### Recorded data
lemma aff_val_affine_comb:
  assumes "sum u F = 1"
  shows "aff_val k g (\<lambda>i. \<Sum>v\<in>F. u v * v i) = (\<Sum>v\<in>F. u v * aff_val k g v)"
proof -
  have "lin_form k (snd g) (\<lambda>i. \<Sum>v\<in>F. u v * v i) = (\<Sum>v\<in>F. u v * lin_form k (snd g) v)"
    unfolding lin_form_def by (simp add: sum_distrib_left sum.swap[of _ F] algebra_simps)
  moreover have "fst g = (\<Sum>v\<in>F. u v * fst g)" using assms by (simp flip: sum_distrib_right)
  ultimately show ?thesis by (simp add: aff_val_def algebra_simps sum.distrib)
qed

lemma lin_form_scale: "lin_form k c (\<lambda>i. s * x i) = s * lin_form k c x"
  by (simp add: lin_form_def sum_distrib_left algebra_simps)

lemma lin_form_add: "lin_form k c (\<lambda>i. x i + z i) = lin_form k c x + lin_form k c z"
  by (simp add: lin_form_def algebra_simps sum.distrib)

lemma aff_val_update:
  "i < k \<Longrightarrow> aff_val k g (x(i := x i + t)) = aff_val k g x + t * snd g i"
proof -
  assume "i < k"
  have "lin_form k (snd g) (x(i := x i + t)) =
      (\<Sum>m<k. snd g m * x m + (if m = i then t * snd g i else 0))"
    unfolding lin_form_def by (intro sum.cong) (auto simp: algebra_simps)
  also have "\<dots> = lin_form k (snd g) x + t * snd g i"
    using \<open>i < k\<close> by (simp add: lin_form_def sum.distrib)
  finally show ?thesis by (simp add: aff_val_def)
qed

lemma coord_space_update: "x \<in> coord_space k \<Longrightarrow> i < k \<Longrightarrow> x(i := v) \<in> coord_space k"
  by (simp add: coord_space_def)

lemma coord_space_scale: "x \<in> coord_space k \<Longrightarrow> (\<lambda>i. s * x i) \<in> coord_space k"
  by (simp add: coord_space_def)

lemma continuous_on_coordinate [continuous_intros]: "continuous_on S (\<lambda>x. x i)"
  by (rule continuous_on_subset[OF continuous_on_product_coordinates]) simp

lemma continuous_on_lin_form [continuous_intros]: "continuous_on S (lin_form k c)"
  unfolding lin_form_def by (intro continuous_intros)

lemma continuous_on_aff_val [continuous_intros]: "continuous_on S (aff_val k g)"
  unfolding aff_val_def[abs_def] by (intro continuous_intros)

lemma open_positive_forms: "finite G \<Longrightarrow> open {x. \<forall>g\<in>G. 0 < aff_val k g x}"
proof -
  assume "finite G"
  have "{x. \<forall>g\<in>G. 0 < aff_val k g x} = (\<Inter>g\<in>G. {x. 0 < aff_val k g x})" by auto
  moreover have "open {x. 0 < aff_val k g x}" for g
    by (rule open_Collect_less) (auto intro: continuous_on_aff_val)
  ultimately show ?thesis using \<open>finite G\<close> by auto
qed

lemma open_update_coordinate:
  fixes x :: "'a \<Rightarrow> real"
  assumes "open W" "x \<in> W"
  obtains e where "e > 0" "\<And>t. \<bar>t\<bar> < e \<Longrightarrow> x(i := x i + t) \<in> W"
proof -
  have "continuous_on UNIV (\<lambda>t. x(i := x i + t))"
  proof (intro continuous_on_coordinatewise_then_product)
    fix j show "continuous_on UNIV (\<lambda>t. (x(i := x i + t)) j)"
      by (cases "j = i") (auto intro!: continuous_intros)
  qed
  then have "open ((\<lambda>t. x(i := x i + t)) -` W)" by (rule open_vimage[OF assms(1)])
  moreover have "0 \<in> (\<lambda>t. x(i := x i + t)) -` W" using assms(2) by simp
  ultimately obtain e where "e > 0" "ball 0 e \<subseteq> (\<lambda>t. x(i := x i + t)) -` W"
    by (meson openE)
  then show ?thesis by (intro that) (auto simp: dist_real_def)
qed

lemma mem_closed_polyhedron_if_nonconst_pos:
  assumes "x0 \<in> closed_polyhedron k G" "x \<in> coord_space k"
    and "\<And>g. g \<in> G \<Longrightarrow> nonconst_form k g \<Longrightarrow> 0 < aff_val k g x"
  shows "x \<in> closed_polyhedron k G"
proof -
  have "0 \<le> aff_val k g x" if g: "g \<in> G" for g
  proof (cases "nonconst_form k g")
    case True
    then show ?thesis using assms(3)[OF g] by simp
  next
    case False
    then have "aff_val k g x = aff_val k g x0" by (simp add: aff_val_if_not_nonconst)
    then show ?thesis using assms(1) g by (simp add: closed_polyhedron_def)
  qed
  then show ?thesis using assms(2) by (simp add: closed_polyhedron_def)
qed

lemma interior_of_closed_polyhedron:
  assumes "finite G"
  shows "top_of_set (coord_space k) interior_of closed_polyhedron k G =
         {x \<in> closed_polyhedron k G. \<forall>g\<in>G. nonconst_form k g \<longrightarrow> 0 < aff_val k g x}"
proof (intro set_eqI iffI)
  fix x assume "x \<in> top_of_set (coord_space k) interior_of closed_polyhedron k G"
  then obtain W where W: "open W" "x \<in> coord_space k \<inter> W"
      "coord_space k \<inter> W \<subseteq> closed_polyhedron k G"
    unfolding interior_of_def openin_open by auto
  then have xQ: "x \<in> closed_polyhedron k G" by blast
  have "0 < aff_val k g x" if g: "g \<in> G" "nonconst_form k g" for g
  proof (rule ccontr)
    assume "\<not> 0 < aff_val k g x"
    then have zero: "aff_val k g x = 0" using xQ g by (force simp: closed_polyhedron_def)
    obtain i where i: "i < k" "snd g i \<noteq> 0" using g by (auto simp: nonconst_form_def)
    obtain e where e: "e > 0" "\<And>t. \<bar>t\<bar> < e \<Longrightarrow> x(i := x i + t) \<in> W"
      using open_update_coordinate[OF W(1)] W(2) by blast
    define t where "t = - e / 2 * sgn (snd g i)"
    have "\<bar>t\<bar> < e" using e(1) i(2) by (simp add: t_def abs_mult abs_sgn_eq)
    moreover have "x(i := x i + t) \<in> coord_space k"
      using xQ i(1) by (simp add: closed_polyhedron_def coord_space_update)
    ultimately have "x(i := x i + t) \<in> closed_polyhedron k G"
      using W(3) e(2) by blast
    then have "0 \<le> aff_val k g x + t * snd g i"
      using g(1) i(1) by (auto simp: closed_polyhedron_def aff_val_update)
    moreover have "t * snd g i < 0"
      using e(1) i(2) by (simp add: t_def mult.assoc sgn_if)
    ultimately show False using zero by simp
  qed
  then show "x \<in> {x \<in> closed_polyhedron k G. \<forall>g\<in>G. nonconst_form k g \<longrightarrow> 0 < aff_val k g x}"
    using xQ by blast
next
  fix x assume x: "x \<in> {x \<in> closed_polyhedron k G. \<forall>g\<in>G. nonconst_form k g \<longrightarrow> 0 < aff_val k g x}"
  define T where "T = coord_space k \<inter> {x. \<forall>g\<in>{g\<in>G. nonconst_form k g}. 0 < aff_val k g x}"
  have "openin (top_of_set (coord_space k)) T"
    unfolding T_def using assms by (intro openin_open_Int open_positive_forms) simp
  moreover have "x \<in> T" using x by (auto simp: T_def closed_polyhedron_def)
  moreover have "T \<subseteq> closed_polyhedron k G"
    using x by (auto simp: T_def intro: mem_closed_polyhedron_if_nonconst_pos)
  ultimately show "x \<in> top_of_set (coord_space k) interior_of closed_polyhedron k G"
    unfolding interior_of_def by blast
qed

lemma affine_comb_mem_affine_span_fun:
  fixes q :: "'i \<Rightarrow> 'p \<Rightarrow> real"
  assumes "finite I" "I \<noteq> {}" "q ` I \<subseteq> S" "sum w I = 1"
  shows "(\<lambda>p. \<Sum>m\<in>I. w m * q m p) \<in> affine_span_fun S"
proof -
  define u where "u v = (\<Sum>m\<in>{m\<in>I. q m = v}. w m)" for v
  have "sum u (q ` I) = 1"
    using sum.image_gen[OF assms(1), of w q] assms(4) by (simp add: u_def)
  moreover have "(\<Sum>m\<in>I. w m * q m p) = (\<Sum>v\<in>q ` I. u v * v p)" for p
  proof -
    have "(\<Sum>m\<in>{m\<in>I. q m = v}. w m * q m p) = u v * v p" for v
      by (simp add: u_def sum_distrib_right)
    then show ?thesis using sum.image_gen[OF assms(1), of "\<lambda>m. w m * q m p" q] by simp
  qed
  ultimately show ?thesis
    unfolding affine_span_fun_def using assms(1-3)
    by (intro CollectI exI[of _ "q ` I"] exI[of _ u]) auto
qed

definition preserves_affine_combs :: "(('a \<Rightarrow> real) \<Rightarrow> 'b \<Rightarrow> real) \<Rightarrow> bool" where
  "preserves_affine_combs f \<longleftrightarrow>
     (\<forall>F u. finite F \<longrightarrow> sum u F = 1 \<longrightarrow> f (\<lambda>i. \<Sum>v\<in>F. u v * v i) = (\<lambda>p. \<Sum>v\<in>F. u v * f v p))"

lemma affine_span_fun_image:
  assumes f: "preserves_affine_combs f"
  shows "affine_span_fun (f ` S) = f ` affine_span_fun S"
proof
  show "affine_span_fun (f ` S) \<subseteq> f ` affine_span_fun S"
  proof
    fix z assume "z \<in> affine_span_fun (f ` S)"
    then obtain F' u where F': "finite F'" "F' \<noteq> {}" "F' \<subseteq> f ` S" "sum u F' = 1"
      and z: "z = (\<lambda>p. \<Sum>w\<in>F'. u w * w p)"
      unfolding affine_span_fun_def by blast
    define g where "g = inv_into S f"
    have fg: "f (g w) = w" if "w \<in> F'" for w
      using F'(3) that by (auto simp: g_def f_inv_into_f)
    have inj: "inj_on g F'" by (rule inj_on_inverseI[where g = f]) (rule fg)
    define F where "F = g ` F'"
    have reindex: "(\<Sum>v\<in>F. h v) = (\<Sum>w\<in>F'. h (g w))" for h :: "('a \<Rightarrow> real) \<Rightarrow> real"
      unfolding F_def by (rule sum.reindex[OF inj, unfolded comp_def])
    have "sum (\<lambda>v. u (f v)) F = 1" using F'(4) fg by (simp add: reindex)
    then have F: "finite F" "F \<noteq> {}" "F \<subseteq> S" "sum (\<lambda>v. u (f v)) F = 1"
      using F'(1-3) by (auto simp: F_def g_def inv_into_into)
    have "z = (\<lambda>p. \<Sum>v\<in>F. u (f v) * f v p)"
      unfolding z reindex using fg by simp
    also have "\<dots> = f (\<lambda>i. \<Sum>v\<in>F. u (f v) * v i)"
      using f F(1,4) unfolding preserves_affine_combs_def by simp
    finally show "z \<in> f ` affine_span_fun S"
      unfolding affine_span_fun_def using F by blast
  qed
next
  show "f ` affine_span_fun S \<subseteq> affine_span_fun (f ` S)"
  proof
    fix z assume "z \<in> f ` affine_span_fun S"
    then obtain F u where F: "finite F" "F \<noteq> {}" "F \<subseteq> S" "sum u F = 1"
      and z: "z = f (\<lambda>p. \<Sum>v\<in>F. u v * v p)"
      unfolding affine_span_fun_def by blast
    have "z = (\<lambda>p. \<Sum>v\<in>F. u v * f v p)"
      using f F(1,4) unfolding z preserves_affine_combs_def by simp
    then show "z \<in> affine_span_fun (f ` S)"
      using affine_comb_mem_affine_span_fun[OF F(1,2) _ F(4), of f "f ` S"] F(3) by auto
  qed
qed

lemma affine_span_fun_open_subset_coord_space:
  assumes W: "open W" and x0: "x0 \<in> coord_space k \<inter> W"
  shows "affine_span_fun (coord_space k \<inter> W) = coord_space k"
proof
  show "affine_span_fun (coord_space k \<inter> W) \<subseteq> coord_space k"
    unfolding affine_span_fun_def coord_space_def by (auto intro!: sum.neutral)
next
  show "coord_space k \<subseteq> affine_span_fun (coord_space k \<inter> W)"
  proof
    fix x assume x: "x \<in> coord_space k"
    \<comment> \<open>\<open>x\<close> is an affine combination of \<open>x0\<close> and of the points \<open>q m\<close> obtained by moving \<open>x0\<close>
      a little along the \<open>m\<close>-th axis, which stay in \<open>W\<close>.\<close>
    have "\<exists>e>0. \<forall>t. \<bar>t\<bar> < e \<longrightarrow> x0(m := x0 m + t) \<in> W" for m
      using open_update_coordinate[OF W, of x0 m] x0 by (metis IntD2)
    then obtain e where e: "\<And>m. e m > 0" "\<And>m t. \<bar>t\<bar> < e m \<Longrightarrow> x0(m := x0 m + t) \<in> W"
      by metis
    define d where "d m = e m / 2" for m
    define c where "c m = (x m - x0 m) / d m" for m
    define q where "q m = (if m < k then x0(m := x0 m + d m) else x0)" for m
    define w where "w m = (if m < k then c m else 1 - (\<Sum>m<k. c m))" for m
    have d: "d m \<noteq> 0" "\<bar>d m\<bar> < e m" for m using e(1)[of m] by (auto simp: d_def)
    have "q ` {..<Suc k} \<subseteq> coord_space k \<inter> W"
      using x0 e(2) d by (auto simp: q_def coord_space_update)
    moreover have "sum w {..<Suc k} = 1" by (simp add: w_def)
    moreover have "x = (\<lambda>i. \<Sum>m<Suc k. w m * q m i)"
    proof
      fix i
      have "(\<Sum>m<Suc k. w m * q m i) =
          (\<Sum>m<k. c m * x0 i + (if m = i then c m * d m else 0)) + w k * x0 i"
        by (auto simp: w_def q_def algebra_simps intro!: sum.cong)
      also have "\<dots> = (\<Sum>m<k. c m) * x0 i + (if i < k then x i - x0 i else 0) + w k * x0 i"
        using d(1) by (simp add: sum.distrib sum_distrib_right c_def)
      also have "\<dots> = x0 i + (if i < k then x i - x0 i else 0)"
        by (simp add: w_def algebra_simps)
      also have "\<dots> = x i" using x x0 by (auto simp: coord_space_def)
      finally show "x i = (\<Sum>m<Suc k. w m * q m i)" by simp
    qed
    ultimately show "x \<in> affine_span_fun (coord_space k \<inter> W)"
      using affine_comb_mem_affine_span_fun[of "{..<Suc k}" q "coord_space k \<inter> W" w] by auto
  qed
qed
######
Required work | Report the number of lines in the entries above that include the word "metis" and add nothing to it.

Task result | 2